Problem details: Up to and including the line containing "map (\<lambda>j. x", set down each line of the entries below exactly, starting from the first, and leave out the rest.
※ ※ ※
(* Let $X$ be a subshift of finite type, $Y$ a sofic shift, and $\pi : X \to Y$ a factor code which is right-closing and regular. Then there is a sliding block code $\rho : X \to X_{\mathbb K(Y)}$ such that $L_{\mathbb K(Y)}\circ\rho=\pi$.
   Context: A sliding block code $\pi:X\to Y$ is right-closing if whenever $x,x'\in X$ satisfy $\pi(x)=\pi(x')$ and $x_i=x'_i$ for all $i\le N$ for some $N\in\mathbb Z$, then $x=x'$. For $x\in X$ let $\mathbb U(x)=\{z\in X:\exists N\ \forall i\le N,\ z_i=x_i\}$; $x$ is regular for $\pi$ if $\pi$ maps $\mathbb U(x)$ onto $\mathbb U(\pi(x))$; $\mathcal R(\pi)$ is the set of such points, and $\pi$ is regular if $\mathcal R(\pi)$ is dense in $X$. For a sofic shift $Y\subseteq A^{\mathbb Z}$ and $y\in Y$, $F(y)=\{w\in Y[0,\infty): y_{(-\infty,-1]}w\in Y\}$, where $Y[0,\infty)=\{y_{[0,\infty)}:y\in Y\}$. The future cover $(\mathbb K(Y),L_{\mathbb K(Y)})$ is the labeled graph with vertices the distinct sets $F(y)$, $y\in Y$, and an edge labeled $a\in A$ from $F(y)$ to $F(z)$ exactly when $F(z)=\{w\in A^{\mathbb N}: aw\in F(y)\}$ (one edge per such pair and label); $X_{\mathbb K(Y)}$ is its edge shift and $L_{\mathbb K(Y)}:X_{\mathbb K(Y)}\to Y$ reads labels coordinatewise. *)

theory Defs
  imports Main
begin

definition window :: "(int \<Rightarrow> 'a) \<Rightarrow> int \<Rightarrow> nat \<Rightarrow> 'a list" where
  "window x i n = map (\<lambda>j. x (i + int j)) [0..<n]"

text \<open>Shift of finite type: described by a (finite) list of allowed blocks of some
  length N (equivalently, a finite list of forbidden blocks).\<close>
definition is_sft :: "(int \<Rightarrow> 'a::finite) set \<Rightarrow> bool" where
  "is_sft X \<longleftrightarrow> (\<exists>N (P :: 'a list set). X = {x. \<forall>i. window x i N \<in> P})"

text \<open>Labeled graphs: edges are triples (source, label, target).\<close>
definition path_shift :: "('v \<times> 'a \<times> 'v) set \<Rightarrow> (int \<Rightarrow> 'v \<times> 'a \<times> 'v) set" where
  "path_shift E = {e. \<forall>i. e i \<in> E \<and> snd (snd (e i)) = fst (e (i + 1))}"

definition label_map :: "(int \<Rightarrow> 'v \<times> 'a \<times> 'v) \<Rightarrow> (int \<Rightarrow> 'a)" where
  "label_map e = (\<lambda>i. fst (snd (e i)))"

definition is_sofic :: "(int \<Rightarrow> 'a::finite) set \<Rightarrow> bool" where
  "is_sofic Y \<longleftrightarrow> (\<exists>E :: (nat \<times> 'a \<times> nat) set. finite E \<and> Y = label_map ` path_shift E)"

definition sliding_block_code ::
  "(int \<Rightarrow> 'a) set \<Rightarrow> (int \<Rightarrow> 'b) set \<Rightarrow> ((int \<Rightarrow> 'a) \<Rightarrow> (int \<Rightarrow> 'b)) \<Rightarrow> bool" where
  "sliding_block_code X Y \<pi> \<longleftrightarrow> (\<forall>x\<in>X. \<pi> x \<in> Y) \<and>
     (\<exists>(M::nat) (\<Phi> :: 'a list \<Rightarrow> 'b). \<forall>x\<in>X. \<forall>i. \<pi> x i = \<Phi> (window x (i - int M) (2 * M + 1)))"

definition factor_code ::
  "(int \<Rightarrow> 'a) set \<Rightarrow> (int \<Rightarrow> 'b) set \<Rightarrow> ((int \<Rightarrow> 'a) \<Rightarrow> (int \<Rightarrow> 'b)) \<Rightarrow> bool" where
  "factor_code X Y \<pi> \<longleftrightarrow> sliding_block_code X Y \<pi> \<and> \<pi> ` X = Y"

definition right_closing :: "(int \<Rightarrow> 'a) set \<Rightarrow> ((int \<Rightarrow> 'a) \<Rightarrow> (int \<Rightarrow> 'b)) \<Rightarrow> bool" where
  "right_closing X \<pi> \<longleftrightarrow> (\<forall>x\<in>X. \<forall>x'\<in>X. \<pi> x = \<pi> x' \<and> (\<exists>N. \<forall>i\<le>N. x i = x' i) \<longrightarrow> x = x')"
lemma results_tally:
  assumes "n \<ge> 2" "k \<in> {1..n}"
  shows "results n w (profile_of n (tally n)) k = (2 * of_nat n - 1) * (w k - w (rank_shift n k))
     + 2 * (\<Sum>i=2..n. w (rank_cycle n i k) - w (transpose i n k))"
proof -
  let ?P = "{\<sigma>. \<sigma> permutes {1..n}}"
  let ?h = "\<lambda>\<sigma>. w (inv \<sigma> k)"
  have ballot: "inv \<rho> \<in> ?P" "?h (inv \<rho>) = w (\<rho> k)" if "\<rho> permutes {1..n}" for \<rho>
    using that by (simp_all add: permutes_inv permutes_inv_inv)
  have shift: "rank_shift n permutes {1..n}"
    using assms(1) by (intro rank_shift_permutes) simp
  have cycle: "rank_cycle n i permutes {1..n}" if "i \<in> {2..n}" for i
    using that by (rule rank_cycle_permutes)
  have swap: "transpose i n permutes {1..n}" if "i \<in> {2..n}" for i
    using that by (intro permutes_swap_id) auto
  have "results n w (profile_of n (tally n)) k = (\<Sum>\<sigma>\<in>?P. tally n \<sigma> * ?h \<sigma>)"
    using results_profile_of[OF assms(2)] by simp
  also have "\<dots> = (2 * of_nat n - 1) * (?h id - ?h (inv (rank_shift n)))
     + 2 * (\<Sum>i=2..n. ?h (inv (rank_cycle n i)) - ?h (inv (transpose i n)))"
    unfolding tally_def
    by (rule sum_signed_ballots) (use ballot shift cycle swap in \<open>auto simp: finite_permutations permutes_id\<close>)
  also have "\<dots> = (2 * of_nat n - 1) * (w k - w (rank_shift n k))
     + 2 * (\<Sum>i=2..n. w (rank_cycle n i k) - w (transpose i n k))"
    using ballot[OF shift] ballot[OF cycle] ballot[OF swap] by simp
  finally show ?thesis .
qed

lemma results_tally_first:
  assumes "n \<ge> 2"
  shows "results n w (profile_of n (tally n)) 1 = w 1 - w n"
proof -
  have "(\<Sum>i=2..n. w (rank_cycle n i 1) - w (transpose i n 1)) = (\<Sum>i=2..n. w n - w 1)"
    by (rule sum.cong) (use assms in \<open>auto simp: rank_cycle_def transpose_def\<close>)
  also have "\<dots> = (of_nat n - 1) * (w n - w 1)"
    using assms by (simp add: of_nat_diff)
  finally show ?thesis
    using assms by (simp add: results_tally rank_shift_def algebra_simps)
qed

lemma results_tally_other:
  assumes "n \<ge> 2" "k \<in> {2..n}"
  shows "results n w (profile_of n (tally n)) k = (2 * of_nat n - 1) * (w k - w (k - 1)) + 2 * (w 1 - w n)"
proof -
  have "(\<Sum>i=2..n. w (rank_cycle n i k) - w (transpose i n k)) = (\<Sum>i=2..n. if i = k then w 1 - w n else 0)"
    by (rule sum.cong) (use assms in \<open>auto simp: rank_cycle_def transpose_def\<close>)
  also have "\<dots> = w 1 - w n"
    using assms(2) by simp
  finally show ?thesis
    using assms by (simp add: results_tally rank_shift_def)
qed
lemma centralizer_four_block_diag_one:
  fixes J :: "'a::{field,finite} mat"
  assumes J: "J \<in> carrier_mat k k" and nt: "no_trivial_block_at_one J"
  shows "centralizer (k + m) (four_block_mat J (0\<^sub>m k m) (0\<^sub>m m k) (1\<^sub>m m)) =
    {four_block_mat A B C D | A B C D.
       A \<in> centralizer k J \<and> D \<in> GL m \<and>
       B \<in> carrier_mat k m \<and> C \<in> carrier_mat m k \<and> J * B = B \<and> C * J = C}"
    (is "centralizer _ ?J = ?R")
proof (intro equalityI subsetI)
  have J': "?J \<in> carrier_mat (k + m) (k + m)" using J by auto
  fix X assume "X \<in> centralizer (k + m) ?J"
  then have X: "X \<in> carrier_mat (k + m) (k + m)" and dX: "det X \<noteq> 0" and XJ: "X * ?J = ?J * X"
    unfolding centralizer_def GL_iff_det by auto
  obtain Y where Y: "Y \<in> carrier_mat (k + m) (k + m)" and XY: "X * Y = 1\<^sub>m (k + m)"
    and "Y * X = 1\<^sub>m (k + m)" using inverse_mat_exists[OF X dX] by blast
  then have YJ: "Y * ?J = ?J * Y" using commute_inverse_mat[OF X Y J' XY] XJ by blast
  obtain A B C D where A: "A \<in> carrier_mat k k" and B: "B \<in> carrier_mat k m"
    and C: "C \<in> carrier_mat m k" and D: "D \<in> carrier_mat m m" and Xe: "X = four_block_mat A B C D"
    using obtain_four_block[OF X] .
  obtain A' B' C' D' where A': "A' \<in> carrier_mat k k" and B': "B' \<in> carrier_mat k m"
    and C': "C' \<in> carrier_mat m k" and D': "D' \<in> carrier_mat m m" and Ye: "Y = four_block_mat A' B' C' D'"
    using obtain_four_block[OF Y] .
  have AJ: "A * J = J * A" and JB: "J * B = B" and CJ: "C * J = C"
    using XJ unfolding Xe four_block_commute_diag_one_iff[OF J A B C D] by auto
  have JB': "J * B' = B'" and CJ': "C' * J = C'"
    using YJ unfolding Ye four_block_commute_diag_one_iff[OF J A' B' C' D'] by auto
  have "det A \<noteq> 0" "det D \<noteq> 0"
    using four_block_right_inverse_det_nonzero[OF A B C D A' B' C' D' XY[unfolded Xe Ye]]
      fixed_mult_eq_zero[OF nt J C B' CJ JB'] fixed_mult_eq_zero[OF nt J C' B CJ' JB] by auto
  then show "X \<in> ?R" unfolding Xe centralizer_def GL_iff_det using A B C D AJ JB CJ by blast
next
  fix X assume "X \<in> ?R"
  then obtain A B C D where Xe: "X = four_block_mat A B C D" and A: "A \<in> carrier_mat k k"
    and "det A \<noteq> 0" and AJ: "A * J = J * A" and D: "D \<in> carrier_mat m m" and "det D \<noteq> 0"
    and B: "B \<in> carrier_mat k m" and C: "C \<in> carrier_mat m k" and JB: "J * B = B" and CJ: "C * J = C"
    unfolding centralizer_def GL_iff_det by blast
  moreover obtain A' where A': "A' \<in> carrier_mat k k" and "A * A' = 1\<^sub>m k" and A'A: "A' * A = 1\<^sub>m k"
    using inverse_mat_exists[OF A \<open>det A \<noteq> 0\<close>] by blast
  moreover have "C * A' * J = C * A'"
  proof -
    have "C * A' * J = C * (J * A')"
      using commute_inverse_mat[OF A A' J \<open>A * A' = 1\<^sub>m k\<close> A'A AJ] A' C J by simp
    also have "\<dots> = C * A'" using A' C J CJ by (simp flip: assoc_mult_mat[of C m k J k A' k])
    finally show ?thesis .
  qed
  then have "C * A' * B = 0\<^sub>m m m" using fixed_mult_eq_zero[OF nt J _ B _ JB] C A' by auto
  ultimately have "det X \<noteq> 0"
    using det_four_block_mat_schur_zero[OF A A' A'A B C D] by simp
  moreover have "X * ?J = ?J * X" unfolding Xe four_block_commute_diag_one_iff[OF J A B C D]
    using AJ JB CJ by simp
  ultimately show "X \<in> centralizer (k + m) ?J"
    unfolding centralizer_def GL_iff_det Xe using A B C D by auto
qed
lemma const_in_cone_if_average_near_const:
  fixes \<sigma> :: "'i \<Rightarrow> 'j \<Rightarrow> 'j"
  assumes cone: "convex_cone_pos W" and inv: "perm_invariant W"
    and nbhd: "\<forall>y. (\<forall>j. \<bar>y j - x j\<bar> \<le> e) \<longrightarrow> y \<in> W"
    and I: "finite I" "I \<noteq> {}" and bij: "\<forall>i\<in>I. bij (\<sigma> i)"
    and near: "\<forall>j. \<bar>c - (\<Sum>i\<in>I. x (\<sigma> i j)) / card I\<bar> \<le> e"
  shows "\<exists>c. (\<lambda>_. c) \<in> W"
proof -
  define d where "d j = c - (\<Sum>i\<in>I. x (\<sigma> i j)) / card I" for j
  have "(\<lambda>j. x (\<sigma> i j) + d j) \<in> W" if "i \<in> I" for i
  proof -
    have "(\<lambda>j. x j + d (inv (\<sigma> i) j)) \<in> W"
      by (rule nbhd[rule_format]) (simp add: d_def near)
    then have "(\<lambda>j. x j + d (inv (\<sigma> i) j)) \<circ> \<sigma> i \<in> W"
      using perm_invariant_comp[OF inv] bij that by blast
    moreover have "inv (\<sigma> i) \<circ> \<sigma> i = id"
      using bij that by (simp add: bij_is_inj)
    ultimately show ?thesis
      by (simp add: fun_eq_iff comp_def)
  qed
  then have "(\<lambda>j. \<Sum>i\<in>I. x (\<sigma> i j) + d j) \<in> W"
    by (intro convex_cone_pos_sum[OF cone I]) blast
  moreover have "(\<Sum>i\<in>I. x (\<sigma> i j) + d j) = card I * c" for j
  proof -
    have "(\<Sum>i\<in>I. x (\<sigma> i j) + d j) = (\<Sum>i\<in>I. x (\<sigma> i j)) + card I * d j"
      by (simp add: sum.distrib)
    also have "\<dots> = card I * c"
      using I unfolding d_def by (simp add: field_simps)
    finally show ?thesis .
  qed
  ultimately show ?thesis
    by auto
qed

lemma sum_permutations_apply_eq:
  assumes "j \<in> S" and "k \<in> S"
  shows "(\<Sum>p | p permutes S. x (p j)) = (\<Sum>p | p permutes S. x (p k))"
  using sum_permutations_compose_right[OF permutes_swap_id[OF assms], of "\<lambda>p. x (p j)"]
  by simp

lemma finite_ex_perms_average_const:
  fixes x :: "'a \<Rightarrow> real"
  assumes "finite (UNIV :: 'a set)"
  shows "\<exists>(P :: ('a \<Rightarrow> 'a) set) c. finite P \<and> P \<noteq> {} \<and> (\<forall>p\<in>P. bij p) \<and>
           (\<forall>j. (\<Sum>p\<in>P. x (p j)) / card P = c)"
proof -
  define P where "P = {p :: 'a \<Rightarrow> 'a. p permutes UNIV}"
  have "finite P" "P \<noteq> {}" "\<forall>p\<in>P. bij p"
    using assms finite_permutations permutes_id permutes_bij unfolding P_def by blast+
  moreover have "(\<Sum>p\<in>P. x (p j)) = (\<Sum>p\<in>P. x (p undefined))" for j
    unfolding P_def by (rule sum_permutations_apply_eq) auto
  ultimately show ?thesis
    by (intro exI[of _ P] exI[of _ "(\<Sum>p\<in>P. x (p undefined)) / card P"]) simp
qed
※ ※ ※
Solution below:
(* Let $X$ be a subshift of finite type, $Y$ a sofic shift, and $\pi : X \to Y$ a factor code which is right-closing and regular. Then there is a sliding block code $\rho : X \to X_{\mathbb K(Y)}$ such that $L_{\mathbb K(Y)}\circ\rho=\pi$.
   Context: A sliding block code $\pi:X\to Y$ is right-closing if whenever $x,x'\in X$ satisfy $\pi(x)=\pi(x')$ and $x_i=x'_i$ for all $i\le N$ for some $N\in\mathbb Z$, then $x=x'$. For $x\in X$ let $\mathbb U(x)=\{z\in X:\exists N\ \forall i\le N,\ z_i=x_i\}$; $x$ is regular for $\pi$ if $\pi$ maps $\mathbb U(x)$ onto $\mathbb U(\pi(x))$; $\mathcal R(\pi)$ is the set of such points, and $\pi$ is regular if $\mathcal R(\pi)$ is dense in $X$. For a sofic shift $Y\subseteq A^{\mathbb Z}$ and $y\in Y$, $F(y)=\{w\in Y[0,\infty): y_{(-\infty,-1]}w\in Y\}$, where $Y[0,\infty)=\{y_{[0,\infty)}:y\in Y\}$. The future cover $(\mathbb K(Y),L_{\mathbb K(Y)})$ is the labeled graph with vertices the distinct sets $F(y)$, $y\in Y$, and an edge labeled $a\in A$ from $F(y)$ to $F(z)$ exactly when $F(z)=\{w\in A^{\mathbb N}: aw\in F(y)\}$ (one edge per such pair and label); $X_{\mathbb K(Y)}$ is its edge shift and $L_{\mathbb K(Y)}:X_{\mathbb K(Y)}\to Y$ reads labels coordinatewise. *)

theory Defs
  imports Main
begin

definition window :: "(int \<Rightarrow> 'a) \<Rightarrow> int \<Rightarrow> nat \<Rightarrow> 'a list" where
  "window x i n = map (\<lambda>j. x (i + int j)) [0..<n]"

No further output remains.